Segment Start: Record excerpts
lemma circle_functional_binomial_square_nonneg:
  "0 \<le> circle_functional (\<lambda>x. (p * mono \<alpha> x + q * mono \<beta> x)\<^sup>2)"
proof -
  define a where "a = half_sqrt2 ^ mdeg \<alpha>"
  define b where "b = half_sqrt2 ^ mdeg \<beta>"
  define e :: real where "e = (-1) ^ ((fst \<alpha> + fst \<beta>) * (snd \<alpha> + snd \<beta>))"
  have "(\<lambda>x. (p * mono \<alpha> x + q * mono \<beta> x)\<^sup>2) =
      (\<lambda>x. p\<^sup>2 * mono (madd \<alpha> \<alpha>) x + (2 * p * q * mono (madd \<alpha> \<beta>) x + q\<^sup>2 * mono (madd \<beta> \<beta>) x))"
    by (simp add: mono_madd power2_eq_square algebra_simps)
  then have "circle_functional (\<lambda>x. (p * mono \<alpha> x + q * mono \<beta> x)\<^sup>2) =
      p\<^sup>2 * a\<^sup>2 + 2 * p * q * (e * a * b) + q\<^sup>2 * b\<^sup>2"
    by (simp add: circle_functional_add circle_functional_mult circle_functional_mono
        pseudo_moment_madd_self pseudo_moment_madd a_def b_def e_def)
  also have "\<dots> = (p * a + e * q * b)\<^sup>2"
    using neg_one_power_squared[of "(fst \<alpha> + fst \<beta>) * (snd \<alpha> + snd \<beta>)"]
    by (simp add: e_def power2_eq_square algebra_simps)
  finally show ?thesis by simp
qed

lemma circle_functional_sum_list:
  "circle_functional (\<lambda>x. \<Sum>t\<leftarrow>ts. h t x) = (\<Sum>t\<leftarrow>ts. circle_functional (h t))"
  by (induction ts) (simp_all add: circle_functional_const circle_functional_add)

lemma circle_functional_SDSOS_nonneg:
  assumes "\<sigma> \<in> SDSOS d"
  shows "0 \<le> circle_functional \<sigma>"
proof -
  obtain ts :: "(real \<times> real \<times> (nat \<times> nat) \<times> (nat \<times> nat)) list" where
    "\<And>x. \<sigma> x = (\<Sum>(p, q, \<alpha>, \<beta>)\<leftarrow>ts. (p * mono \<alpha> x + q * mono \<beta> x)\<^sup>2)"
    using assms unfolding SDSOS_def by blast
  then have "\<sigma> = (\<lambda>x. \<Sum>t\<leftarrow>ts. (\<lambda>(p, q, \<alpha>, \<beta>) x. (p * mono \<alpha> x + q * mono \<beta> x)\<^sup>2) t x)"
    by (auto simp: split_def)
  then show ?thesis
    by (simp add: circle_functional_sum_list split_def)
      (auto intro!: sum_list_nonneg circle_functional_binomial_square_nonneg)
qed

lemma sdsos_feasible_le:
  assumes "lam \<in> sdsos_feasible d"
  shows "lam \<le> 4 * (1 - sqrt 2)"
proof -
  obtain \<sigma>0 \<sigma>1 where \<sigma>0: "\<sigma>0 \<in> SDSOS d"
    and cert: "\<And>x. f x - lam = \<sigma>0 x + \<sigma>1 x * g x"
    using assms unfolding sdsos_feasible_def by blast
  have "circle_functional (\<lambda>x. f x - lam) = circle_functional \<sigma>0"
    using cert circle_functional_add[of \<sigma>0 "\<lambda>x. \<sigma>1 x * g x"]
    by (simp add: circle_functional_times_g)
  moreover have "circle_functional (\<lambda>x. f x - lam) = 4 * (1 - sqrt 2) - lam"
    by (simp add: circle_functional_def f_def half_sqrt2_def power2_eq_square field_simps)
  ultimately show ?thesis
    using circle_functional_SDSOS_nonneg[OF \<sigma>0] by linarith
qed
Segment End: Record excerpts
Output exactly, and only, the lines running from the one that contains "x - lam) = 4" through the last line of the entries above.

* _Output for this task_
  moreover have "circle_functional (\<lambda>x. f x - lam) = 4 * (1 - sqrt 2) - lam"
    by (simp add: circle_functional_def f_def half_sqrt2_def power2_eq_square field_simps)
  ultimately show ?thesis
    using circle_functional_SDSOS_nonneg[OF \<sigma>0] by linarith
qed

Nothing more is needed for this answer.